Aglycosyl anti-CD154 inhibits a secondary humoral response to TT in cynomolgus monkeys
The ability of a single 20-mg kg–1 dose of aglycosyl hu5C8 to inhibit a secondary immune response was evaluated by giving a second TT challenge to the eight saline control animals in the previous experiment several months after their primary immunization.

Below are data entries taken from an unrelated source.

lemma ln_deriv_quot'_neg:
  assumes "q \<le> 34/35" "3 * q - 8/5 \<le> p" "0 < x" "x < pi/2"
  shows "ln_deriv_quot' p q x < 0"
proof -
  define A T where "A = 1 / x - cot x" and "T = tan x"
  have "ln_deriv_quot' p q x
      = ln_deriv_quot' (46/35) (34/35) x + (3 * q - 8/5 - p) * A + (q - 34/35) * (T - 3 * A)"
    unfolding ln_deriv_quot'_shift[of p q x "46/35" "34/35"] A_def[symmetric] T_def[symmetric]
    by (simp add: field_simps)
  also have "\<dots> < 0"
    using assms cot_less_inverse[of x] three_inverse_minus_cot_less_tan[of x] unfolding A_def T_def
    by (intro add_neg_nonpos ln_deriv_quot'_at_46_35_34_35_neg mult_nonpos_nonneg) simp_all
  finally show ?thesis .
qed

section \<open>Monotonicity and limits of U p (sin x / x) / U q (cos x)\<close>

(* Both signs of sigma are used: sigma = -1 gives strict decrease. *)
lemma deriv_quot_strict_mono:
  assumes sign: "\<And>x. 0 < x \<Longrightarrow> x < pi/2 \<Longrightarrow> 0 < \<sigma> * ln_deriv_quot' p q x"
  shows "strict_mono_on {0<..<pi/2} (\<lambda>x. \<sigma> * deriv_quot p q x)"
proof (rule strict_mono_onI)
  fix r s :: real assume "r \<in> {0<..<pi/2}" "s \<in> {0<..<pi/2}" "r < s"
  then show "\<sigma> * deriv_quot p q r < \<sigma> * deriv_quot p q s"
  proof (intro DERIV_pos_imp_increasing[of r s "\<lambda>x. \<sigma> * deriv_quot p q x"])
    fix x assume "r \<le> x" "x \<le> s"
    then have x: "0 < x" "x < pi/2" using \<open>r \<in> _\<close> \<open>s \<in> _\<close> by auto
    have "0 < deriv_quot p q x * (\<sigma> * ln_deriv_quot' p q x)"
      using deriv_quot_pos[OF x] sign[OF x] by simp
    moreover have "((\<lambda>x. \<sigma> * deriv_quot p q x) has_real_derivative
        deriv_quot p q x * (\<sigma> * ln_deriv_quot' p q x)) (at x)"
      using DERIV_cmult[OF has_real_derivative_deriv_quot[OF x], of \<sigma>] by (simp add: ac_simps)
    ultimately show "\<exists>d. ((\<lambda>x. \<sigma> * deriv_quot p q x) has_real_derivative d) (at x) \<and> 0 < d"
      by blast
  qed
qed

definition U_quot :: "real \<Rightarrow> real \<Rightarrow> real \<Rightarrow> real" where
  "U_quot p q x = U p (sin x / x) / U q (cos x)"

lemma U_cos_pos: "0 < x \<Longrightarrow> x < pi/2 \<Longrightarrow> 0 < U q (cos x)"
  using cos_monotone_0_pi[of 0 x] by (intro U_pos) (simp_all add: cos_gt_zero)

Prior to the TT challenge, four animals received 20 mg kg–1 of aglycosyl hu5C8 (Group 1B) and four received saline (Group 1A). Secondary immune responses are of quicker onset and higher magnitude than primary immune responses; therefore, the magnitude of the secondary response relative to the primary response for individual animals was calculated (Table 1). TT challenge in the saline controls (Group 1A) produced a secondary antibody response that was 6.5 times higher (range, 4.2–18.8) than their primary response, whereas animals receiving aglycosyl hu5C8 (Group 1B) produced a secondary antibody response that was only 2.0 times higher (range, 1.6–2.2), equaling a 70% reduction in the magnitude of the secondary antibody response as compared with saline controls. Unfortunately, we do not have a matched data set to compare the efficacy of aglycosyl hu5C8 with glycosylated hu5C8 in the inhibition of a secondary immune response.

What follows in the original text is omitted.